lemma omult_Oc:
  "omult (Oc x0 x1 x2 x3 x4 x5 x6 x7) (Oc y0 y1 y2 y3 y4 y5 y6 y7) = Oc
    (x0*y0 - x1*y1 - x2*y2 - x3*y3 - x4*y4 - x5*y5 - x6*y6 - x7*y7)
    (x0*y1 + x1*y0 + x2*y3 - x3*y2 + x4*y5 - x5*y4 - x6*y7 + x7*y6)
    (x0*y2 - x1*y3 + x2*y0 + x3*y1 + x4*y6 + x5*y7 - x6*y4 - x7*y5)
    (x0*y3 + x1*y2 - x2*y1 + x3*y0 + x4*y7 - x5*y6 + x6*y5 - x7*y4)
    (x0*y4 - x1*y5 - x2*y6 - x3*y7 + x4*y0 + x5*y1 + x6*y2 + x7*y3)
    (x0*y5 + x1*y4 - x2*y7 + x3*y6 - x4*y1 + x5*y0 - x6*y3 + x7*y2)
    (x0*y6 + x1*y7 + x2*y4 - x3*y5 - x4*y2 + x5*y3 + x6*y0 - x7*y1)
    (x0*y7 - x1*y6 + x2*y5 + x3*y4 - x4*y3 - x5*y2 + x6*y1 + x7*y0)"
  by (simp add: Oc_def omult_def qmult_def qconj_def complex_eq_iff algebra_simps)

lemma oconj_Oc:
  "oconj (Oc x0 x1 x2 x3 x4 x5 x6 x7) = Oc x0 (-x1) (-x2) (-x3) (-x4) (-x5) (-x6) (-x7)"
  by (simp add: Oc_def oconj_def qconj_def complex_eq_iff)

lemma oone_Oc: "oone = Oc 1 0 0 0 0 0 0 0"
  by (simp add: Oc_def oone_def complex_eq_iff prod_eq_iff)

lemma plus_Oc:
  "Oc x0 x1 x2 x3 x4 x5 x6 x7 + Oc y0 y1 y2 y3 y4 y5 y6 y7 =
    Oc (x0+y0) (x1+y1) (x2+y2) (x3+y3) (x4+y4) (x5+y5) (x6+y6) (x7+y7)"
  by (simp add: Oc_def complex_eq_iff)

lemma uminus_Oc: "- Oc x0 x1 x2 x3 x4 x5 x6 x7 = Oc (-x0) (-x1) (-x2) (-x3) (-x4) (-x5) (-x6) (-x7)"
  by (simp add: Oc_def complex_eq_iff)

lemma scaleR_Oc:
  "r *\<^sub>R Oc x0 x1 x2 x3 x4 x5 x6 x7 = Oc (r*x0) (r*x1) (r*x2) (r*x3) (r*x4) (r*x5) (r*x6) (r*x7)"
  by (simp add: Oc_def complex_eq_iff scaleR_complex.code)

lemmas Oc_simps = omult_Oc oconj_Oc oone_Oc plus_Oc uminus_Oc scaleR_Oc Oc_eq_iff

lemma omult_oone [simp]: "omult x oone = x" "omult oone x = x"
  by (cases x rule: oct_cases; simp add: Oc_simps)+

lemma omult_minus [simp]: "omult (- x) y = - omult x y" "omult x (- y) = - omult x y"
  by (cases x rule: oct_cases; cases y rule: oct_cases; simp add: Oc_simps algebra_simps)+

lemma oconj_omult: "oconj (omult x y) = omult (oconj y) (oconj x)"
  by (cases x rule: oct_cases; cases y rule: oct_cases) (simp add: Oc_simps algebra_simps)

lemma omult_left_alternative: "omult a (omult a y) = omult (omult a a) y"
  by (cases a rule: oct_cases; cases y rule: oct_cases) (simp add: Oc_simps algebra_simps)

lemma omult_moufang: "omult (omult (omult a z) a) y = omult a (omult z (omult a y))"
proof -
  obtain a0 a1 a2 a3 a4 a5 a6 a7 where a: "a = Oc a0 a1 a2 a3 a4 a5 a6 a7" by (rule oct_cases)
  obtain z0 z1 z2 z3 z4 z5 z6 z7 where z: "z = Oc z0 z1 z2 z3 z4 z5 z6 z7" by (rule oct_cases)
  obtain y0 y1 y2 y3 y4 y5 y6 y7 where y: "y = Oc y0 y1 y2 y3 y4 y5 y6 y7" by (rule oct_cases)
  show ?thesis
    unfolding a z y by (simp only: Oc_simps) (intro conjI; algebra)
qed

lemma linear_omult: "linear (omult c)"
proof (rule linearI)
  fix x y show "omult c (x + y) = omult c x + omult c y"
    by (cases c rule: oct_cases; cases x rule: oct_cases; cases y rule: oct_cases)
      (simp add: Oc_simps algebra_simps)
next
  fix r x show "omult c (r *\<^sub>R x) = r *\<^sub>R omult c x"
    by (cases c rule: oct_cases; cases x rule: oct_cases) (simp add: Oc_simps algebra_simps)
qed

section \<open>The isomorphism \<open>x \<mapsto> conj a x\<close>\<close>

lemma omult_self_Oc:
  "omult (Oc a0 a1 a2 a3 a4 a5 a6 a7) (Oc a0 a1 a2 a3 a4 a5 a6 a7) =
    Oc (a0*a0 - (a1*a1 + a2*a2 + a3*a3 + a4*a4 + a5*a5 + a6*a6 + a7*a7))
      (2*a0*a1) (2*a0*a2) (2*a0*a3) (2*a0*a4) (2*a0*a5) (2*a0*a6) (2*a0*a7)"
  by (simp add: Oc_simps algebra_simps)
lemma radix_fraction_approx:
  fixes \<tau> :: "nat \<Rightarrow> real"
  assumes "M \<ge> 1"
  shows "\<exists>t<M ^ n. near_lattice n (\<lambda>i. of_nat t / of_nat M ^ Suc i - \<tau> i) (1 / of_nat M)"
proof (induction n)
  case 0
  show ?case
    by (simp add: near_lattice_def)
next
  case (Suc n)
  then obtain t' where "t' < M ^ n"
    and approx: "near_lattice n (\<lambda>i. of_nat t' / of_nat M ^ Suc i - \<tau> i) (1 / of_nat M)"
    by blast
  have M_pos: "(0::real) < of_nat M"
    using \<open>M \<ge> 1\<close> by simp
  define d where "d = nat \<lfloor>of_nat M * frac (\<tau> n)\<rfloor>"
  have d_floor: "of_nat d = real_of_int \<lfloor>of_nat M * frac (\<tau> n)\<rfloor>"
    unfolding d_def by (simp add: frac_ge_0)
  then have d_le: "of_nat d / of_nat M \<le> frac (\<tau> n)" and d_gt: "frac (\<tau> n) < of_nat d / of_nat M + 1 / of_nat M"
    using M_pos by (simp_all add: field_simps) linarith+
  then have "of_nat d / of_nat M < (1::real)"
    using frac_lt_1 by (metis order.strict_trans1)
  then have "d < M"
    using M_pos by (simp add: field_simps)
  define t where "t = t' + d * M ^ n"
  have "t < M ^ Suc n"
  proof -
    have "t < (d + 1) * M ^ n"
      unfolding t_def using \<open>t' < M ^ n\<close> by simp
    also have "\<dots> \<le> M * M ^ n"
      using \<open>d < M\<close> by (intro mult_right_mono) auto
    finally show ?thesis
      by simp
  qed
  have "near_lattice n (\<lambda>i. of_nat t / of_nat M ^ Suc i - \<tau> i) (1 / of_nat M)"
  proof (rule near_lattice_cong_Ints[OF approx])
    fix i assume "i < n"
    then have "(of_nat t / of_nat M ^ Suc i - \<tau> i) - (of_nat t' / of_nat M ^ Suc i - \<tau> i)
        = of_nat (d * M ^ (n - Suc i))"
      using M_pos power_diff[of "of_nat M :: real" "Suc i" n]
      by (simp add: t_def add_divide_distrib)
    then show "(of_nat t / of_nat M ^ Suc i - \<tau> i) - (of_nat t' / of_nat M ^ Suc i - \<tau> i) \<in> \<int>"
      by simp
  qed
  moreover have "\<bar>of_nat t / of_nat M ^ Suc n - \<tau> n - of_int (- \<lfloor>\<tau> n\<rfloor>)\<bar> \<le> 1 / of_nat M"
  proof -
    have "of_nat t / of_nat M ^ Suc n = of_nat t' / of_nat M ^ Suc n + of_nat d / (of_nat M :: real)"
      using M_pos by (simp add: t_def add_divide_distrib)
    moreover have "0 \<le> of_nat t' / (of_nat M :: real) ^ Suc n"
      by simp
    moreover have "of_nat t' / (of_nat M :: real) ^ Suc n < 1 / of_nat M"
      using \<open>t' < M ^ n\<close> M_pos by (simp add: field_simps flip: of_nat_power)
    ultimately show ?thesis
      using d_le d_gt unfolding frac_def abs_le_iff of_int_minus by linarith
  qed
  ultimately have "near_lattice (Suc n) (\<lambda>i. of_nat t / of_nat M ^ Suc i - \<tau> i) (1 / of_nat M)"
    by (auto simp: near_lattice_Suc_iff intro!: exI[of _ "- \<lfloor>\<tau> n\<rfloor>"])
  with \<open>t < M ^ Suc n\<close> show ?case
    by auto
qed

********************

• Exercise requirements: When the line with "unfolding d_def by (simp add: frac_ge_0)" is reached in the data above, begin copying, and stop after the line with "using M_pos by (simp add: field_simps)"; copy each line exactly, both ends included.

• Exercise result:
    unfolding d_def by (simp add: frac_ge_0)
  then have d_le: "of_nat d / of_nat M \<le> frac (\<tau> n)" and d_gt: "frac (\<tau> n) < of_nat d / of_nat M + 1 / of_nat M"
    using M_pos by (simp_all add: field_simps) linarith+
  then have "of_nat d / of_nat M < (1::real)"
    using frac_lt_1 by (metis order.strict_trans1)
  then have "d < M"
    using M_pos by (simp add: field_simps)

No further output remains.